La vraie vie, la vie enfin découverte et éclaircie, la seule vie par conséquent réellement vécue, c'est la littérature.



dimanche 17 juin 2018

Rome, deux églises en haut du Quirinal

Retour à Rome
Après un billet consacré au quartier du Trastevere et un autre à la Villa Farnesina, changeons du tout au tout. Aujourd’hui, les hauteurs du Quirinal. Un quartier bien moins sympathique avec ses bâtiments officiels (résidence présidentielle), ses barrières, ses longues rues bien droites avec les voitures et les autres où il y a plein de touristes… Mais il y a de très belles églises ! Simplement deux pour aujourd’hui, deux églises quasi jumelles.

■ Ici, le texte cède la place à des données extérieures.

lemma Phi_coalg_of_handler:
  assumes "is_handler p q (lin S) \<eta>"
  shows "Phi p q S (coalg_of_handler p q S \<eta>) = \<eta>"
proof (rule pmor_eqI)
  show \<eta>: "is_pmor (tri (lin S) q) (tri p (lin S)) \<eta>"
    using assms by (simp add: is_handler_def)
  show "is_pmor (tri (lin S) q) (tri p (lin S)) (Phi p q S (coalg_of_handler p q S \<eta>))"
    using Phi_pmor[OF is_coalg_coalg_of_handler[OF assms]] .
  fix z assume z: "z \<in> pos (tri (lin S) q)"
  then obtain x f where "z = (x, f)" "x \<in> S" "f () \<in> pos q"
    by auto
  then obtain J where zJ: "z = (x, \<lambda>u. J)" "x \<in> S" "J \<in> pos q"
    by (metis unit_fun_eq)
  obtain I g where \<eta>z: "fst \<eta> (x, \<lambda>u. J) = (I, g)"
    by (cases "fst \<eta> (x, \<lambda>u. J)")
  have g: "g \<in> dir p I \<rightarrow>\<^sub>E S"
    using linear_handlerD(2)[OF assms zJ(2,3)] \<eta>z by simp
  then show "fst (Phi p q S (coalg_of_handler p q S \<eta>)) z = fst \<eta> z"
    using zJ \<eta>z by (simp add: Phi_def coalg_of_handler_def cong: restrict_cong)
  fix w assume "w \<in> dir (tri p (lin S)) (fst (Phi p q S (coalg_of_handler p q S \<eta>)) z)"
  then obtain d where w: "w = (d, ())" "d \<in> dir p I"
    using zJ \<eta>z g by (auto simp: Phi_def coalg_of_handler_def)
  then show "snd (Phi p q S (coalg_of_handler p q S \<eta>)) z w = snd \<eta> z w"
    unfolding zJ(1) w(1) using zJ(2,3) w(2) \<eta>z by (simp add: Phi_def coalg_of_handler_def prod_eq_iff)
qed

theorem bij_betw_Phi: "bij_betw (Phi p q S) {\<theta>. is_coalg p q S \<theta>} {\<eta>. is_handler p q (lin S) \<eta>}"
  by (rule bij_betw_byWitness[where f' = "coalg_of_handler p q S"])
    (auto simp: coalg_of_handler_Phi Phi_coalg_of_handler is_handler_Phi is_coalg_coalg_of_handler)

section \<open>Squares\<close>

text \<open>At state \<open>x\<close> and input position \<open>J\<close>, both paths around a square give the same output
  position, the same next states and the same directions returned to \<open>J\<close>.\<close>
definition coalg_square_at :: "('i', 'd') poly
    \<Rightarrow> ('s \<Rightarrow> (('j \<Rightarrow> 'i) \<times> ('j \<Rightarrow> 'd \<Rightarrow> 'e)) \<times> ('j \<times> 'd \<Rightarrow> 's))
    \<Rightarrow> ('s' \<Rightarrow> (('j' \<Rightarrow> 'i') \<times> ('j' \<Rightarrow> 'd' \<Rightarrow> 'e')) \<times> ('j' \<times> 'd' \<Rightarrow> 's'))
    \<Rightarrow> ('j, 'e, 'j', 'e') pmor \<Rightarrow> ('i, 'd, 'i', 'd') pmor \<Rightarrow> ('s \<Rightarrow> 's') \<Rightarrow> 's \<Rightarrow> 'j \<Rightarrow> bool" where
  "coalg_square_at p' \<theta> \<theta>' \<psi> \<phi> f x J \<longleftrightarrow>
     fst \<phi> (fst (fst (\<theta> x)) J) = fst (fst (\<theta>' (f x))) (fst \<psi> J) \<and>
     (\<forall>d\<in>dir p' (fst \<phi> (fst (fst (\<theta> x)) J)).
        f (snd (\<theta> x) (J, snd \<phi> (fst (fst (\<theta> x)) J) d)) = snd (\<theta>' (f x)) (fst \<psi> J, d) \<and>
        snd (fst (\<theta> x)) J (snd \<phi> (fst (fst (\<theta> x)) J) d) = snd \<psi> J (snd (fst (\<theta>' (f x))) (fst \<psi> J) d))"

lemma cmor_fst [simp]: "x \<in> S \<Longrightarrow> fst (cmor S f) x = f x"
  by (simp add: cmor_def)

lemma org_sq_post_side:
  assumes \<theta>: "is_coalg p q S \<theta>" and x: "x \<in> S" and \<phi>: "is_pmor p p' \<phi>"
  shows "fst (tri_mor (ihom q p') (cpoly S) (ihom q p') (cpoly S') (pid (ihom q p')) (cmor S f))
          (fst (tri_mor (ihom q p) (cpoly S) (ihom q p') (cpoly S) (ihom_post q p p' \<phi>) (pid (cpoly S)))
             (\<theta> x))
   = (mcomp q p' \<phi> (fst (\<theta> x)),
      \<lambda>(J, d')\<in>Sigma (pos q) (\<lambda>J. dir p' (fst \<phi> (fst (fst (\<theta> x)) J))).
        f (snd (\<theta> x) (J, snd \<phi> (fst (fst (\<theta> x)) J) d')))"
proof -
  obtain \<chi> k where \<theta>x: "\<theta> x = (\<chi>, k)"
    by (cases "\<theta> x")
  have \<chi>: "is_pmor q p \<chi>"
    using is_coalgD(1)[OF \<theta> x] \<theta>x by simp
  have k: "J \<in> pos q \<Longrightarrow> d \<in> dir p (fst \<chi> J) \<Longrightarrow> k (J, d) \<in> S" for J d
    using is_coalgD(2)[OF \<theta> x] \<theta>x by auto
  have "k \<in> Sigma (pos q) (\<lambda>J. dir p (fst \<chi> J)) \<rightarrow>\<^sub>E S"
    using is_coalgD[OF \<theta> x] \<theta>x by (auto simp: PiE_iff extensional_def)
  define k' where "k' = (\<lambda>(J, d')\<in>Sigma (pos q) (\<lambda>J. dir p' (fst \<phi> (fst \<chi> J))).
    k (J, snd \<phi> (fst \<chi> J) d'))"
  have dir_post: "dir (ihom q p') (mcomp q p' \<phi> \<chi>) = Sigma (pos q) (\<lambda>J. dir p' (fst \<phi> (fst \<chi> J)))"
    by (simp, rule Sigma_cong) auto
  have "fst (tri_mor (ihom q p) (cpoly S) (ihom q p') (cpoly S) (ihom_post q p p' \<phi>) (pid (cpoly S))) (\<chi>, k)
      = (mcomp q p' \<phi> \<chi>, k')"
    using \<chi> \<open>k \<in> _\<close> by (auto simp: k'_def fun_eq_iff pmor_pos[OF \<chi>] pmor_dir[OF \<phi>] k ihom_post_def)
  moreover have "mcomp q p' \<phi> \<chi> \<in> pos (ihom q p')"
    using mcomp_pmor[OF \<chi> \<phi>] by simp
  moreover have "k' \<in> dir (ihom q p') (mcomp q p' \<phi> \<chi>) \<rightarrow>\<^sub>E S"
    unfolding dir_post by (auto simp: k'_def pmor_pos[OF \<chi>] pmor_dir[OF \<phi>] k)
  ultimately show ?thesis
    unfolding \<theta>x by (auto simp: k'_def fun_eq_iff pmor_pos[OF \<chi>] pmor_dir[OF \<phi>] k)
qed

lemma org_sq_pre_side:
  assumes \<theta>': "is_coalg p' q' S' \<theta>'" and y: "y \<in> S'" and \<psi>: "is_pmor q q' \<psi>"
  shows "fst (tri_mor (ihom q' p') (cpoly S') (ihom q p') (cpoly S') (ihom_pre q q' p' \<psi>) (pid (cpoly S')))
          (\<theta>' y)
   = (mcomp q p' (fst (\<theta>' y)) \<psi>,
      \<lambda>(J, d)\<in>Sigma (pos q) (\<lambda>J. dir p' (fst (fst (\<theta>' y)) (fst \<psi> J))). snd (\<theta>' y) (fst \<psi> J, d))"
proof -
  obtain \<chi> k where \<theta>y: "\<theta>' y = (\<chi>, k)"
    by (cases "\<theta>' y")
  have \<chi>: "is_pmor q' p' \<chi>"
    using is_coalgD(1)[OF \<theta>' y] \<theta>y by simp
  have k: "J \<in> pos q' \<Longrightarrow> d \<in> dir p' (fst \<chi> J) \<Longrightarrow> k (J, d) \<in> S'" for J d
    using is_coalgD(2)[OF \<theta>' y] \<theta>y by auto
  have "k \<in> Sigma (pos q') (\<lambda>J. dir p' (fst \<chi> J)) \<rightarrow>\<^sub>E S'"
    using is_coalgD[OF \<theta>' y] \<theta>y by (auto simp: PiE_iff extensional_def)
  moreover have "dir (ihom q p') (mcomp q p' \<chi> \<psi>) = Sigma (pos q) (\<lambda>J. dir p' (fst \<chi> (fst \<psi> J)))"
    by (simp, rule Sigma_cong) auto
  ultimately show ?thesis
    unfolding \<theta>y using \<chi> by (auto simp: fun_eq_iff pmor_pos[OF \<psi>] k ihom_pre_def)
qed

lemma org_sq_state_iff:
  assumes \<theta>: "is_coalg p q S \<theta>" and \<theta>': "is_coalg p' q' S' \<theta>'"
    and \<psi>: "is_pmor q q' \<psi>" and \<phi>: "is_pmor p p' \<phi>" and x: "x \<in> S" and fx: "f x \<in> S'"
  shows "fst (tri_mor (ihom q p') (cpoly S) (ihom q p') (cpoly S') (pid (ihom q p')) (cmor S f))
          (fst (tri_mor (ihom q p) (cpoly S) (ihom q p') (cpoly S) (ihom_post q p p' \<phi>) (pid (cpoly S)))
             (\<theta> x))
      = fst (tri_mor (ihom q' p') (cpoly S') (ihom q p') (cpoly S') (ihom_pre q q' p' \<psi>) (pid (cpoly S')))
          (\<theta>' (f x))
    \<longleftrightarrow> (\<forall>J\<in>pos q. coalg_square_at p' \<theta> \<theta>' \<psi> \<phi> f x J)"
proof -
  let ?I = "\<lambda>J. fst (fst (\<theta> x)) J" and ?I' = "\<lambda>J. fst (fst (\<theta>' (f x))) (fst \<psi> J)"
  have maps: "mcomp q p' \<phi> (fst (\<theta> x)) = mcomp q p' (fst (\<theta>' (f x))) \<psi> \<longleftrightarrow>
      (\<forall>J\<in>pos q. fst \<phi> (?I J) = ?I' J \<and>
        (\<forall>d\<in>dir p' (fst \<phi> (?I J)).
          snd (fst (\<theta> x)) J (snd \<phi> (?I J) d) = snd \<psi> J (snd (fst (\<theta>' (f x))) (fst \<psi> J) d)))"
    by (subst pmor_eq_iff[OF mcomp_pmor[OF is_coalgD(1)[OF \<theta> x] \<phi>]
          mcomp_pmor[OF \<psi> is_coalgD(1)[OF \<theta>' fx]]])
      (rule ball_cong[OF refl], auto)
  have states: "(\<lambda>(J, d)\<in>Sigma (pos q) (\<lambda>J. dir p' (fst \<phi> (?I J))). f (snd (\<theta> x) (J, snd \<phi> (?I J) d)))
      = (\<lambda>(J, d)\<in>Sigma (pos q) (\<lambda>J. dir p' (?I' J)). snd (\<theta>' (f x)) (fst \<psi> J, d))
    \<longleftrightarrow> (\<forall>J\<in>pos q. \<forall>d\<in>dir p' (fst \<phi> (?I J)).
          f (snd (\<theta> x) (J, snd \<phi> (?I J) d)) = snd (\<theta>' (f x)) (fst \<psi> J, d))"
    if "\<forall>J\<in>pos q. fst \<phi> (?I J) = ?I' J"
  proof -
    have "Sigma (pos q) (\<lambda>J. dir p' (?I' J)) = Sigma (pos q) (\<lambda>J. dir p' (fst \<phi> (?I J)))"
      using that by (intro Sigma_cong) auto
    then show ?thesis
      by (auto simp: fun_eq_iff)
  qed
  show ?thesis
    unfolding org_sq_post_side[OF \<theta> x \<phi>] org_sq_pre_side[OF \<theta>' fx \<psi>] prod.inject maps
      coalg_square_at_def
    using states by blast
qed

Rendez-vous au carrefour des Quatre Fontaines. Entre les voitures et les feux de circulation, le Tibre, l’Arno, Diane et Junon prennent la pause.



San Carlo alle Quattro Fontane
Cette église est un petit bijou. Elle a été édifiée par Borromini. Façade baroque avec alternance de lignes concaves et convexes qui ondulent avec élégance et presque avec légèreté.
À l’intérieur, l’église est ovale, avec une coupole elliptique. Les caissons rapetissent en se rapprochant du sommet, pour accentuer l’impression de hauteur. Les éléments architecturaux sont recouverts de plâtre et de stuc (il n’y avait pas d’argent pour la construction) et cette blancheur apporte une grande clarté à un tout petit édifice.
Il y a aussi un petit cloître et une crypte où aurait dû reposer Borromini s’il ne s’était pas suicidé.

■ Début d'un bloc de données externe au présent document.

definition left_symmetric_algebroid ::
  "('r::{comm_ring_1,real_algebra_1} \<Rightarrow> 'a::ab_group_add \<Rightarrow> 'a) \<Rightarrow> ('a \<Rightarrow> 'a \<Rightarrow> 'a) \<Rightarrow> ('a \<Rightarrow> 'r \<Rightarrow> 'r) \<Rightarrow> bool" where
  "left_symmetric_algebroid sm mul an \<longleftrightarrow>
     (\<forall>x y z. mul (x + y) z = mul x z + mul y z) \<and>
     (\<forall>x y z. mul x (y + z) = mul x y + mul x z) \<and>
     (\<forall>c x y. mul (sm (of_real c) x) y = sm (of_real c) (mul x y)) \<and>
     (\<forall>c x y. mul x (sm (of_real c) y) = sm (of_real c) (mul x y)) \<and>
     (\<forall>x y z. mul x (mul y z) - mul (mul x y) z = mul y (mul x z) - mul (mul y x) z) \<and>
     (\<forall>f x y. mul x (sm f y) = sm f (mul x y) + sm (an x f) y) \<and>
     (\<forall>f x y. mul (sm f x) y = sm f (mul x y)) \<and>
     (\<forall>x. is_vector_field (an x)) \<and>
     (\<forall>f x g. an (sm f x) g = f * an x g) \<and>
     (\<forall>x y g. an (x + y) g = an x g + an y g)"

definition diff :: "('e \<Rightarrow> 'f \<Rightarrow> 'r) \<Rightarrow> ('e \<Rightarrow> 'r \<Rightarrow> 'r) \<Rightarrow> 'r \<Rightarrow> 'f" where
  "diff P an f = (THE \<xi>. \<forall>x. P x \<xi> = an x f)"

definition cob1 :: "('e \<Rightarrow> 'f \<Rightarrow> 'r::comm_ring_1) \<Rightarrow> ('e \<Rightarrow> 'e \<Rightarrow> 'e) \<Rightarrow> ('e \<Rightarrow> 'r \<Rightarrow> 'r) \<Rightarrow> 'f \<Rightarrow> 'e \<Rightarrow> 'e \<Rightarrow> 'r" where
  "cob1 P mul an \<xi> = (\<lambda>x y. an x (P y \<xi>) - P (mul x y) \<xi>)"

definition contr :: "('e \<Rightarrow> 'f \<Rightarrow> 'r) \<Rightarrow> ('e \<Rightarrow> 'e \<Rightarrow> 'r) \<Rightarrow> 'e \<Rightarrow> 'f" where
  "contr P \<Phi> \<alpha> = (THE \<xi>. \<forall>\<beta>. P \<beta> \<xi> = \<Phi> \<beta> \<alpha>)"

text \<open>Finite sum of decomposable tensors y1 (x) y2 in sections of E (x) E,
  as a bilinear form on sections of E*.\<close>
definition tsum :: "('e \<Rightarrow> 'f \<Rightarrow> 'r::comm_ring_1) \<Rightarrow> ('e \<times> 'e) list \<Rightarrow> 'f \<Rightarrow> 'f \<Rightarrow> 'r" where
  "tsum P ys = (\<lambda>\<xi> \<eta>. \<Sum>(y1,y2)\<leftarrow>ys. P y1 \<xi> * P y2 \<eta>)"

definition lie :: "('e \<Rightarrow> 'f \<Rightarrow> 'r::comm_ring_1) \<Rightarrow> ('e \<Rightarrow> 'e \<Rightarrow> 'e::ab_group_add) \<Rightarrow> 'e
     \<Rightarrow> ('f \<Rightarrow> 'f \<Rightarrow> 'r) \<Rightarrow> 'f \<Rightarrow> 'f \<Rightarrow> 'r" where
  "lie P mul x \<Phi> = (THE \<Psi>. \<forall>ys. \<Phi> = tsum P ys \<longrightarrow>
      \<Psi> = tsum P (map (\<lambda>(y1,y2). (mul x y1, y2)) ys @ map (\<lambda>(y1,y2). (y1, brk mul x y2)) ys))"

definition flipP :: "('a \<Rightarrow> 'b \<Rightarrow> 'r) \<Rightarrow> 'b \<Rightarrow> 'a \<Rightarrow> 'r" where
  "flipP P = (\<lambda>\<xi> x. P x \<xi>)"

definition left_symmetric_bialgebroid ::
  "('r::{comm_ring_1,real_algebra_1} \<Rightarrow> 'a::ab_group_add \<Rightarrow> 'a) \<Rightarrow> ('r \<Rightarrow> 'b::ab_group_add \<Rightarrow> 'b)
    \<Rightarrow> ('a \<Rightarrow> 'b \<Rightarrow> 'r) \<Rightarrow> ('a \<Rightarrow> 'a \<Rightarrow> 'a) \<Rightarrow> ('a \<Rightarrow> 'r \<Rightarrow> 'r)
    \<Rightarrow> ('b \<Rightarrow> 'b \<Rightarrow> 'b) \<Rightarrow> ('b \<Rightarrow> 'r \<Rightarrow> 'r) \<Rightarrow> bool" where
  "left_symmetric_bialgebroid smA smB P mulA anA mulB anB \<longleftrightarrow>
     dual_pair smA smB P \<and>
     left_symmetric_algebroid smA mulA anA \<and>
     left_symmetric_algebroid smB mulB anB \<and>
     (\<forall>\<xi> \<eta>. cob1 P mulA anA (brk mulB \<xi> \<eta>) =
        lie (flipP P) mulB \<xi> (cob1 P mulA anA \<eta>) - lie (flipP P) mulB \<eta> (cob1 P mulA anA \<xi>)) \<and>
     (\<forall>x y. cob1 (flipP P) mulB anB (brk mulA x y) =
        lie P mulA x (cob1 (flipP P) mulB anB y) - lie P mulA y (cob1 (flipP P) mulB anB x))"

end

theory Submission
  imports Defs
begin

Sortez, prenez à gauche, passez devant le parc où l’on peut manger son sandwich tranquillement et vous atteignez :

Sant’Andrea al Quirinale
Ah ce n’est pas le même style ! Ici, c’est Bernin qui est aux manettes ! Sur un espace là-aussi restreint, nous retrouvons une coupole en ellipse. La lumière entre par les fenêtres de la coupole et du lanternon, elle est reflétée par tous ces caissons dorés.
La statue de Saint André qui surmonte le maître autel est du Bernin. C’est plutôt spectaculaire.


Il vous reste des jambes ? Un petit tour à Santa Maria della Vittoria s’impose (un chef d’œuvre du Bernin y repose) ou à Santa Maria della Concezione (avec une crypte pleine de squelettes, d’un goût ignoble). Ou alors au Palais Barberini pour admirer un ou deux Caravage et des choses de ce goût-là.